Рука Верда легла на крест на груди.
– Слава Господу.
Алекс озадаченно поднял брови:
– Тебя не тревожит, что поднимутся все старые ложные слухи?
– Ну и что? Нам нечего бояться. Наконец-то наши имена будут обелены.
Но у Алекса вид был встревоженный.
– Хотел бы я верить, что все будет так легко.
Доктор Дэйви Керр с досадливым восклицанием резко оттолкнул от себя ноутбук. Вот уже час он пытался причесать первый вариант статьи о современной французской поэзии, но чем дольше он всматривался в экран, тем меньше смысла видел в подворачивающихся словах. Он снял очки и потер глаза, стараясь убедить себя, что это всего лишь следствие переутомления. Но он понимал, что обманывает себя.
Как бы он ни старался убежать от мысли о том, что, пока он здесь сидит и перебирает слова, через полмира отсюда друзья и родные Зигги провожают его в последний путь, это ему не удавалось. Он не жалел, что не поехал. Зигги был частью его прошлой жизни, казавшейся ему прожитой в каком-то предыдущем воплощении. Он не считал себя обязанным старому другу ничем таким, что стоило бы хлопот и усталости путешествия на похороны в Сиэтл. Однако известие о его смерти всколыхнуло воспоминания, которые Дэйви Керр так глубоко закопал, что они редко являлись на поверхность и тревожили его. Эти воспоминания никак нельзя было назвать приятными.

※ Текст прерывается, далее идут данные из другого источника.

lemma has_derivative_imp_second_order_expansion:
  fixes G :: "'z::real_normed_vector \<Rightarrow> 'e::real_normed_vector"
  assumes "\<delta> > 0"
    and dG: "\<And>z. z \<in> ball z0 \<delta> \<Longrightarrow> (G has_derivative blinfun_apply (G' z)) (at z)"
    and dG': "(G' has_derivative blinfun_apply B) (at z0)"
  shows "second_order_expansion G (G' z0) B z0"
  unfolding second_order_expansion_def
proof (intro allI impI)
  fix e :: real assume "e > 0"
  then obtain d where "d > 0" and d: "\<And>y. norm (y - z0) < d \<Longrightarrow>
      norm (G' y - G' z0 - B (y - z0)) \<le> e * norm (y - z0)"
    using dG' unfolding has_derivative_at_alt by blast
  show "\<exists>d>0. \<forall>h. norm h < d \<longrightarrow> norm (G (z0 + h) - G z0 - G' z0 h - (1/2) *\<^sub>R B h h) \<le> e * (norm h)\<^sup>2"
  proof (intro exI[of _ "min \<delta> d"] conjI allI impI)
    show "min \<delta> d > 0" using \<open>\<delta> > 0\<close> \<open>d > 0\<close> by simp
    fix h :: 'z assume h: "norm h < min \<delta> d"
    have short: "norm (s *\<^sub>R h) \<le> norm h" if "s \<in> {0..1}" for s
      using that by (auto simp: mult_left_le_one_le)
    \<comment> \<open>Mean value inequality on the segment from \<open>z0\<close> to \<open>z0 + h\<close>.\<close>
    define f where "f s = G (z0 + s *\<^sub>R h) - (s\<^sup>2/2) *\<^sub>R B h h" for s :: real
    define f' where "f' s = G' (z0 + s *\<^sub>R h) h - s *\<^sub>R B h h" for s :: real
    have "(f has_vector_derivative f' s) (at s within {0..1})" if "s \<in> {0..1}" for s
    proof -
      have "z0 + s *\<^sub>R h \<in> ball z0 \<delta>"
        using short[OF that] h by (simp add: dist_norm)
      moreover have "((\<lambda>s. z0 + s *\<^sub>R h) has_derivative (\<lambda>x. x *\<^sub>R h)) (at s within {0..1})"
        by (auto intro!: derivative_eq_intros)
      ultimately have "((\<lambda>s. G (z0 + s *\<^sub>R h)) has_derivative (\<lambda>x. G' (z0 + s *\<^sub>R h) (x *\<^sub>R h))) (at s within {0..1})"
        using has_derivative_compose has_derivative_at_withinI dG by blast
      then have "(f has_derivative (\<lambda>x. G' (z0 + s *\<^sub>R h) (x *\<^sub>R h) - (x * s) *\<^sub>R B h h)) (at s within {0..1})"
        unfolding f_def by (auto intro!: derivative_eq_intros simp: power2_eq_square)
      then show ?thesis unfolding has_vector_derivative_def f'_def
        by (simp add: blinfun.scaleR_right scaleR_diff_right)
    qed
    moreover have "norm (f' s - f' 0) \<le> e * (norm h)\<^sup>2" if "s \<in> {0..1}" for s
    proof -
      have "f' s - f' 0 = (G' (z0 + s *\<^sub>R h) - G' z0 - B (s *\<^sub>R h)) h"
        unfolding f'_def by (simp add: blinfun.diff_left blinfun.scaleR_left blinfun.scaleR_right)
      also have "norm \<dots> \<le> norm (G' (z0 + s *\<^sub>R h) - G' z0 - B (s *\<^sub>R h)) * norm h"
        by (rule norm_blinfun)
      also have "\<dots> \<le> (e * norm h) * norm h"
        using d[of "z0 + s *\<^sub>R h"] short[OF that] h \<open>e > 0\<close>
        by (intro mult_right_mono) (auto intro: order_trans)
      finally show ?thesis by (simp add: power2_eq_square)
    qed
    ultimately have "norm (f 1 - f 0 - (1 - 0) *\<^sub>R f' 0) \<le> norm (1 - 0::real) * (e * (norm h)\<^sup>2)"
      by (intro vector_differentiable_bound_linearization[where S="{0..1}"])
        (auto simp: closed_segment_eq_real_ivl)
    then show "norm (G (z0 + h) - G z0 - G' z0 h - (1/2) *\<^sub>R B h h) \<le> e * (norm h)\<^sup>2"
      unfolding f_def f'_def by (simp add: algebra_simps)
  qed
qed

lemma second_order_expansion_scaled_remainder:
  assumes exp: "second_order_expansion G A B z"
    and t: "\<And>k. t k > 0" "t \<longlonglongrightarrow> 0" and bound: "\<And>k. norm (u k) \<le> C"
  shows "(\<lambda>k. (1 / (t k)\<^sup>2) *\<^sub>R (G (z + t k *\<^sub>R u k) - G z - A (t k *\<^sub>R u k)
                   - (1/2) *\<^sub>R B (t k *\<^sub>R u k) (t k *\<^sub>R u k))) \<longlonglongrightarrow> 0"
proof (rule LIMSEQ_I)
  fix r :: real assume "r > 0"
  have "C \<ge> 0" using bound norm_ge_zero order_trans by blast
  define e where "e = r / (C\<^sup>2 + 1)"
  have "e > 0" "e * C\<^sup>2 < r"
    using \<open>r > 0\<close> by (auto simp: e_def field_simps add_pos_nonneg)
  obtain d where "d > 0" and d: "\<And>h. norm h < d \<Longrightarrow>
      norm (G (z + h) - G z - A h - (1/2) *\<^sub>R B h h) \<le> e * (norm h)\<^sup>2"
    using exp \<open>e > 0\<close> unfolding second_order_expansion_def by blast
  have "(\<lambda>k. t k * C) \<longlonglongrightarrow> 0 * C" by (intro tendsto_intros t)
  then obtain N where N: "\<And>k. k \<ge> N \<Longrightarrow> t k * C < d"
    using \<open>d > 0\<close> \<open>C \<ge> 0\<close> t(1) by (fastforce dest: LIMSEQ_D)
  show "\<exists>N. \<forall>k\<ge>N. norm ((1 / (t k)\<^sup>2) *\<^sub>R (G (z + t k *\<^sub>R u k) - G z - A (t k *\<^sub>R u k)
                   - (1/2) *\<^sub>R B (t k *\<^sub>R u k) (t k *\<^sub>R u k)) - 0) < r"
  proof (intro exI allI impI)
    fix k assume "k \<ge> N"
    have tu: "norm (t k *\<^sub>R u k) \<le> t k * C"
      using bound t(1)[of k] by (simp add: mult_left_mono less_imp_le)
    have "norm (G (z + t k *\<^sub>R u k) - G z - A (t k *\<^sub>R u k) - (1/2) *\<^sub>R B (t k *\<^sub>R u k) (t k *\<^sub>R u k))
        \<le> e * (norm (t k *\<^sub>R u k))\<^sup>2"
      using tu N[OF \<open>k \<ge> N\<close>] by (intro d) linarith
    also have "\<dots> \<le> e * (t k * C)\<^sup>2"
      using tu \<open>e > 0\<close> by (intro mult_left_mono power_mono) auto
    also have "\<dots> < r * (t k)\<^sup>2"
      using \<open>e * C\<^sup>2 < r\<close> t(1)[of k] by (simp add: power_mult_distrib)
    finally show "norm ((1 / (t k)\<^sup>2) *\<^sub>R (G (z + t k *\<^sub>R u k) - G z - A (t k *\<^sub>R u k)
                   - (1/2) *\<^sub>R B (t k *\<^sub>R u k) (t k *\<^sub>R u k)) - 0) < r"
      using t(1)[of k] by (simp add: divide_less_eq mult.commute)
  qed
qed

lemma second_order_expansion_difference_quotient:
  assumes exp: "second_order_expansion G A B z"
    and t: "\<And>k. t k > 0" "t \<longlonglongrightarrow> 0" and w: "u \<longlonglongrightarrow> w"
  shows "(\<lambda>k. (1 / t k) *\<^sub>R ((1 / t k) *\<^sub>R (G (z + t k *\<^sub>R (v + t k *\<^sub>R u k)) - G z) - A v))
           \<longlonglongrightarrow> A w + (1/2) *\<^sub>R B v v"
proof -
  define x where "x k = v + t k *\<^sub>R u k" for k
  have "x \<longlonglongrightarrow> v + 0 *\<^sub>R w"
    unfolding x_def by (intro tendsto_intros t w)
  then have x: "x \<longlonglongrightarrow> v" by simp
  then obtain C where "\<And>k. norm (x k) \<le> C"
    using Bseq_def convergent_imp_Bseq convergentI less_imp_le by metis
  then have remainder: "(\<lambda>k. (1 / (t k)\<^sup>2) *\<^sub>R (G (z + t k *\<^sub>R x k) - G z - A (t k *\<^sub>R x k)
                   - (1/2) *\<^sub>R B (t k *\<^sub>R x k) (t k *\<^sub>R x k))) \<longlonglongrightarrow> 0"
    by (rule second_order_expansion_scaled_remainder[OF exp t])
  have "(1 / t k) *\<^sub>R ((1 / t k) *\<^sub>R (G (z + t k *\<^sub>R x k) - G z) - A v)
      = A (u k) + (1/2) *\<^sub>R B (x k) (x k) + (1 / (t k)\<^sup>2) *\<^sub>R (G (z + t k *\<^sub>R x k) - G z
          - A (t k *\<^sub>R x k) - (1/2) *\<^sub>R B (t k *\<^sub>R x k) (t k *\<^sub>R x k))" for k
    using t(1)[of k] unfolding x_def
    by (simp add: blinfun.scaleR_right blinfun.scaleR_left blinfun.add_right blinfun.add_left
        algebra_simps power2_eq_square)
  moreover have "(\<lambda>k. A (u k) + (1/2) *\<^sub>R B (x k) (x k) + (1 / (t k)\<^sup>2) *\<^sub>R (G (z + t k *\<^sub>R x k) - G z
          - A (t k *\<^sub>R x k) - (1/2) *\<^sub>R B (t k *\<^sub>R x k) (t k *\<^sub>R x k))) \<longlonglongrightarrow> A w + (1/2) *\<^sub>R B v v + 0"
    by (intro tendsto_intros blinfun.tendsto w x remainder)
  ultimately show ?thesis unfolding x_def by simp
qed

lemma tangent_cone_of_feasible_second_order_sequence:
  assumes "cone K" and exp: "second_order_expansion G A B z" and "G z = 0"
    and t: "\<And>k. t k > 0" "t \<longlonglongrightarrow> 0" and u: "u \<longlonglongrightarrow> w"
    and feasible: "\<And>k. G (z + t k *\<^sub>R (v + t k *\<^sub>R u k)) \<in> K"
  shows "A w + (1/2) *\<^sub>R B v v \<in> tangent_cone K (A v)"
proof -
  define d where "d k = (1 / t k) *\<^sub>R ((1 / t k) *\<^sub>R (G (z + t k *\<^sub>R (v + t k *\<^sub>R u k)) - G z) - A v)" for k
  have "d \<longlonglongrightarrow> A w + (1/2) *\<^sub>R B v v"
    unfolding d_def by (rule second_order_expansion_difference_quotient[OF exp t u])
  moreover have "A v + t k *\<^sub>R d k \<in> K" for k
  proof -
    have "A v + t k *\<^sub>R d k = (1 / t k) *\<^sub>R G (z + t k *\<^sub>R (v + t k *\<^sub>R u k))"
      using t(1)[of k] \<open>G z = 0\<close> by (simp add: d_def)
    then show ?thesis
      using \<open>cone K\<close> feasible t(1)[of k] unfolding cone_def by simp
  qed
  ultimately show ?thesis
    unfolding tangent_cone_def using t by blast
qed

lemma infdist_bound_imp_close_point:
  assumes bound: "\<forall>z\<in>ball z0 \<epsilon>. infdist z (G -` K) \<le> \<kappa> * infdist (G z) K"
    and "G -` K \<noteq> {}" "z \<in> ball z0 \<epsilon>" "e > 0"
  obtains y where "G y \<in> K" "dist z y < \<kappa> * infdist (G z) K + e"
proof -
  have "(INF y\<in>G -` K. dist z y) < \<kappa> * infdist (G z) K + e"
    using bound \<open>z \<in> ball z0 \<epsilon>\<close> \<open>e > 0\<close> infdist_notempty[OF \<open>G -` K \<noteq> {}\<close>] by fastforce
  then show ?thesis
    using that cINF_less_iff[OF \<open>G -` K \<noteq> {}\<close> bdd_below_image_dist] by auto
qed

lemma tangent_coneE_eventually:
  assumes "x \<in> tangent_cone K y" and "\<forall>\<^sub>F s in at_right 0. P s"
  obtains t d where "\<And>k. t k > 0" "t \<longlonglongrightarrow> 0" "d \<longlonglongrightarrow> x" "\<And>k. y + t k *\<^sub>R d k \<in> K" "\<And>k. P (t k)"
proof -
  obtain t d where t: "\<And>k. t k > 0" "t \<longlonglongrightarrow> 0" and "d \<longlonglongrightarrow> x" and K: "\<And>k. y + t k *\<^sub>R d k \<in> K"
    using assms(1) unfolding tangent_cone_def by blast
  have "filterlim t (at_right 0) sequentially"
    using t by (intro tendsto_imp_filterlim_at_right) auto
  then obtain N where "\<And>k. k \<ge> N \<Longrightarrow> P (t k)"
    using assms(2) unfolding filterlim_iff eventually_sequentially by blast
  then show ?thesis
    using that[of "\<lambda>k. t (k + N)" "\<lambda>k. d (k + N)"] t K
      LIMSEQ_ignore_initial_segment[OF t(2)] LIMSEQ_ignore_initial_segment[OF \<open>d \<longlonglongrightarrow> x\<close>]
    by simp
qed

lemma second_order_coordinates:
  assumes "t > 0" and "dist (z + t *\<^sub>R (v + t *\<^sub>R w)) y \<le> t\<^sup>2 * c"
  obtains u where "y = z + t *\<^sub>R (v + t *\<^sub>R u)" "norm (u - w) \<le> c"
proof
  define u where "u = (1 / t\<^sup>2) *\<^sub>R (y - z - t *\<^sub>R v)"
  show y: "y = z + t *\<^sub>R (v + t *\<^sub>R u)"
    using \<open>t > 0\<close> by (simp add: u_def scaleR_add_right power2_eq_square)
  have "y - (z + t *\<^sub>R (v + t *\<^sub>R w)) = t\<^sup>2 *\<^sub>R (u - w)"
    by (subst y) (simp add: scaleR_diff_right scaleR_add_right power2_eq_square)
  then have "t\<^sup>2 * norm (u - w) \<le> t\<^sup>2 * c"
    using assms(2) by (simp add: dist_norm norm_minus_commute)
  then show "norm (u - w) \<le> c"
    using mult_le_cancel_left_pos[of "t\<^sup>2"] \<open>t > 0\<close> by simp
qed

lemma metric_subregularity_feasible_second_order_sequence:
  assumes "cone K" and exp: "second_order_expansion G A B z" and "G z = 0"
    and "\<kappa> \<ge> 0" "\<epsilon> > 0"
    and subreg: "\<forall>y\<in>ball z \<epsilon>. infdist y (G -` K) \<le> \<kappa> * infdist (G y) K"
    and tangent: "A w + (1/2) *\<^sub>R B v v + q \<in> tangent_cone K (A v)"
  obtains t u b where "\<And>k. t k > 0" "t \<longlonglongrightarrow> 0" "b \<longlonglongrightarrow> \<kappa> * norm q"
    "\<And>k. norm (u k - w) \<le> b k" "\<And>k. G (z + t k *\<^sub>R (v + t k *\<^sub>R u k)) \<in> K"
proof -
  define p where "p s = z + s *\<^sub>R (v + s *\<^sub>R w)" for s
  have "(p \<longlongrightarrow> p 0) (at_right 0)"
    unfolding p_def by (intro tendsto_intros)
  moreover have "p 0 \<in> ball z \<epsilon>"
    using \<open>\<epsilon> > 0\<close> by (simp add: p_def)
  ultimately have "\<forall>\<^sub>F s in at_right 0. p s \<in> ball z \<epsilon>"
    by (rule topological_tendstoD[OF _ open_ball])
  with tangent obtain t d where t: "\<And>k. t k > 0" "t \<longlonglongrightarrow> 0"
    and d: "d \<longlonglongrightarrow> A w + (1/2) *\<^sub>R B v v + q" and dK: "\<And>k. A v + t k *\<^sub>R d k \<in> K"
    and near: "\<And>k. p (t k) \<in> ball z \<epsilon>"
    by (rule tangent_coneE_eventually) blast
  have "0 \<in> K"
    using \<open>cone K\<close> dK[of 0] unfolding cone_def by (metis order_refl scaleR_zero_left)
  then have "G -` K \<noteq> {}"
    using \<open>G z = 0\<close> by auto
  \<comment> \<open>\<open>E k\<close> is the violation of the second-order condition at \<open>p (t k)\<close>, measured against the feasible \<open>d k\<close>.\<close>
  define E where "E k = (1 / t k) *\<^sub>R ((1 / t k) *\<^sub>R (G (p (t k)) - G z) - A v) - d k" for k
  have "(\<lambda>k. (1 / t k) *\<^sub>R ((1 / t k) *\<^sub>R (G (p (t k)) - G z) - A v)) \<longlonglongrightarrow> A w + (1/2) *\<^sub>R B v v"
    unfolding p_def by (rule second_order_expansion_difference_quotient[OF exp t tendsto_const])
  from tendsto_diff[OF this d] have E: "E \<longlonglongrightarrow> - q"
    unfolding E_def by simp
  have violation: "infdist (G (p (t k))) K \<le> (t k)\<^sup>2 * norm (E k)" for k
  proof -
    have "t k *\<^sub>R (A v + t k *\<^sub>R d k) \<in> K"
      using \<open>cone K\<close> dK t(1)[of k] unfolding cone_def by simp
    then have "infdist (G (p (t k))) K \<le> dist (G (p (t k))) (t k *\<^sub>R (A v + t k *\<^sub>R d k))"
      by (rule infdist_le)
    also have "G (p (t k)) - t k *\<^sub>R (A v + t k *\<^sub>R d k) = (t k)\<^sup>2 *\<^sub>R E k"
      using t(1)[of k] \<open>G z = 0\<close> by (simp add: E_def scaleR_diff_right scaleR_add_right power2_eq_square)
    then have "dist (G (p (t k))) (t k *\<^sub>R (A v + t k *\<^sub>R d k)) = (t k)\<^sup>2 * norm (E k)"
      by (simp add: dist_norm)
    finally show ?thesis .
  qed
  have "\<exists>y. G y \<in> K \<and> dist (p (t k)) y < \<kappa> * infdist (G (p (t k))) K + (t k)^3" for k
    using infdist_bound_imp_close_point[OF subreg \<open>G -` K \<noteq> {}\<close> near zero_less_power[OF t(1)]] by blast
  then obtain y where yK: "\<And>k. G (y k) \<in> K"
    and y: "\<And>k. dist (p (t k)) (y k) < \<kappa> * infdist (G (p (t k))) K + (t k)^3"
    by metis
  have close: "dist (p (t k)) (y k) \<le> (t k)\<^sup>2 * (\<kappa> * norm (E k) + t k)" for k
  proof -
    have "dist (p (t k)) (y k) < \<kappa> * infdist (G (p (t k))) K + (t k)^3"
      by (rule y)
    also have "\<dots> \<le> \<kappa> * ((t k)\<^sup>2 * norm (E k)) + (t k)^3"
      using violation \<open>\<kappa> \<ge> 0\<close> by (intro add_right_mono mult_left_mono)
    also have "\<dots> = (t k)\<^sup>2 * (\<kappa> * norm (E k) + t k)"
      by (simp add: algebra_simps power2_eq_square power3_eq_cube)
    finally show ?thesis by simp
  qed
  have "\<exists>u. y k = z + t k *\<^sub>R (v + t k *\<^sub>R u) \<and> norm (u - w) \<le> \<kappa> * norm (E k) + t k" for k
    using second_order_coordinates[OF t(1) close[unfolded p_def]] by metis
  then obtain u where y_eq: "\<And>k. y k = z + t k *\<^sub>R (v + t k *\<^sub>R u k)"
    and u: "\<And>k. norm (u k - w) \<le> \<kappa> * norm (E k) + t k"
    by metis
  have "(\<lambda>k. \<kappa> * norm (E k) + t k) \<longlonglongrightarrow> \<kappa> * norm (- q) + 0"
    by (intro tendsto_intros E t(2))
  then show ?thesis
    using that[OF t _ u] yK y_eq by simp
qed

И все же, когда зазвонил телефон, он потянулся к нему без опаски и какого-либо предчувствия.
– Доктор Керр? – Голос был ему незнаком.
– Да. Кто это говорит?
– Инспектор Робин Макленнан из файфской полиции. – Он говорил медленно и внятно, как человек, который знает, что выпил лишнего.

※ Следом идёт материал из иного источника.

lemma weights_of_component_sum:
  fixes \<Gamma> :: "('e::finite \<times> 'v::finite) set" and a :: 'e and b :: 'v
  defines "A \<equiv> bip_component (\<Gamma> - {(a, b)}) (Inl a)"
  assumes w: "weights_of \<Gamma> w x" and bridge: "Inr b \<notin> A"
  shows "(\<Sum>k\<in>Inl -` A. x $ k) = real (card (Inr -` A)) + w (a, b)"
proof -
  have outside: "\<And>\<epsilon>. \<epsilon> \<notin> \<Gamma> \<Longrightarrow> w \<epsilon> = 0" and row: "\<And>v. (\<Sum>e\<in>UNIV. w (e, v)) = 1"
    and coord: "\<And>k. x $ k = (\<Sum>v\<in>UNIV. w (k, v))" using w by (auto simp: weights_of_iff)
  have closed: "z \<in> A" if "y \<in> A" "bip_adj (\<Gamma> - {(a, b)}) y z" for y z
    using that unfolding A_def by (rule bip_component_adj)
  have leaving: "w (k, v) = 0" if "k \<in> Inl -` A" "v \<notin> Inr -` A" "(k, v) \<noteq> (a, b)" for k v
  proof (rule ccontr)
    assume "w (k, v) \<noteq> 0"
    then have "bip_adj (\<Gamma> - {(a, b)}) (Inl k) (Inr v)"
      using outside that(3) unfolding bip_adj_def by blast
    then show False using closed that by auto
  qed
  have entering: "w (k, v) = 0" if "k \<notin> Inl -` A" "v \<in> Inr -` A" for k v
  proof (rule ccontr)
    assume "w (k, v) \<noteq> 0"
    moreover have "(k, v) \<noteq> (a, b)" using that bridge by auto
    ultimately have "bip_adj (\<Gamma> - {(a, b)}) (Inr v) (Inl k)"
      using outside unfolding bip_adj_def by blast
    then show False using closed that by auto
  qed
  have "(\<Sum>k\<in>Inl -` A. x $ k) = (\<Sum>k\<in>Inl -` A. \<Sum>v\<in>Inr -` A. w (k, v)) + (\<Sum>k\<in>Inl -` A. \<Sum>v\<in>- Inr -` A. w (k, v))"
    unfolding coord sum.distrib[symmetric]
    by (intro sum.cong refl) (simp add: sum.union_disjoint[symmetric] Compl_partition)
  also have "(\<Sum>k\<in>Inl -` A. \<Sum>v\<in>Inr -` A. w (k, v)) = (\<Sum>v\<in>Inr -` A. \<Sum>k\<in>UNIV. w (k, v))"
    by (subst sum.swap) (intro sum.cong refl sum.mono_neutral_left, use entering in auto)
  also have "\<dots> = real (card (Inr -` A))" by (simp add: row)
  also have "(\<Sum>k\<in>Inl -` A. \<Sum>v\<in>- Inr -` A. w (k, v)) = (\<Sum>k\<in>Inl -` A. if k = a then w (a, b) else 0)"
  proof (intro sum.cong refl)
    fix k assume "k \<in> Inl -` A"
    then have "(\<Sum>v\<in>- Inr -` A. w (k, v)) = (\<Sum>v\<in>- Inr -` A. if v = b \<and> k = a then w (a, b) else 0)"
      by (intro sum.cong refl) (use leaving in auto)
    also have "\<dots> = (if k = a then w (a, b) else 0)"
      using bridge by (cases "k = a") (simp_all add: sum.delta)
    finally show "(\<Sum>v\<in>- Inr -` A. w (k, v)) = (if k = a then w (a, b) else 0)" .
  qed
  also have "\<dots> = w (a, b)" by (simp add: A_def sum.delta)
  finally show ?thesis .
qed

lemma weights_of_fplus_edge:
  fixes \<Gamma> :: "('e::finite \<times> 'v::finite) set" and a :: 'e and b :: 'v
  defines "A \<equiv> bip_component (\<Gamma> - {(a, b)}) (Inl a)"
  assumes w: "weights_of \<Gamma> w (fplus f)" and bridge: "Inr b \<notin> A" and proper: "Inl k \<notin> A"
  shows "w (a, b) = real (card (Inl -` A)) / real CARD('e)"
proof -
  define q where "q = real (card (Inl -` A)) / real CARD('e)"
  define m where "m = int (\<Sum>c\<in>Inl -` A. f c) - int (card (Inr -` A))"
  have "(\<Sum>c\<in>Inl -` A. fplus f $ c) = real (\<Sum>c\<in>Inl -` A. f c) + q"
    by (simp add: fplus_def sum.distrib q_def)
  then have int_diff: "w (a, b) - q = of_int m"
    using weights_of_component_sum[OF w bridge[unfolded A_def]] by (simp add: A_def m_def)
  have "a \<in> Inl -` A" by (simp add: A_def)
  then have "Inl -` A \<noteq> {}" by blast
  moreover have "Inl -` A \<subset> UNIV" using proper by blast
  then have "card (Inl -` A) < CARD('e)" by (rule psubset_card_mono[OF finite])
  ultimately have "0 < q" "q < 1" by (auto simp: q_def card_gt_0_iff)
  moreover have "0 \<le> w (a, b)" "w (a, b) \<le> 1"
    using weights_of_nonneg[OF w] weights_of_le_one[OF w] by auto
  ultimately have "\<bar>of_int m :: real\<bar> < 1" unfolding int_diff[symmetric] by linarith
  then have "m = 0" by (simp flip: of_int_abs)
  then show ?thesis using int_diff by (simp add: q_def)
qed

Дэвид невольно вздрогнул, похолодев, будто снова окунулся в Северное море.
– Почему вы мне звоните? – спросил он, скрывая страх за агрессивностью.
– Я член команды, которая возобновляет расследование старых дел. Возможно, вы читали об этом в газетах.
– Это не ответ на мой вопрос, – резко прервал его Дэвид.
– Я хотел бы поговорить с вами об обстоятельствах гибели моего брата, следователя Барни Макленнана.
Дэвид оторопел. Он всегда страшился, что подобный момент настанет, но по прошествии двадцати пяти лет убедил себя, что этого не произойдет.
– Вы еще у телефона? – спросил Робин. – Я сказал, что хочу с вами поговорить о…
– Я вас слышал, – резко ответил Дэвид. – Мне нечего вам сказать. Ни теперь, ни вообще. Даже если вы меня арестуете. Ваши люди однажды уже разрушили мою жизнь. Я не предоставлю вам возможности сделать это еще раз. – Дэвид шваркнул трубку на телефон, дыхание стало прерывистым, руки дрожали. Он сложил руки на груди, потом обхватил себя ими. Что происходит? Он понятия не имел, что у Барни Макленнана был брат. Почему он так долго не задавал Дэвиду вопросов о том ужасном дне? Почему он заинтересовался этим именно сейчас? Когда он упомянул о нераскрытых делах, Дэвид не усомнился, что речь пойдет о Рози Дафф, что само по себе было возмутительным. Но Барни Макленнан? Неужели файфская полиция решила через двадцать пять лет назвать это убийством? Не может быть!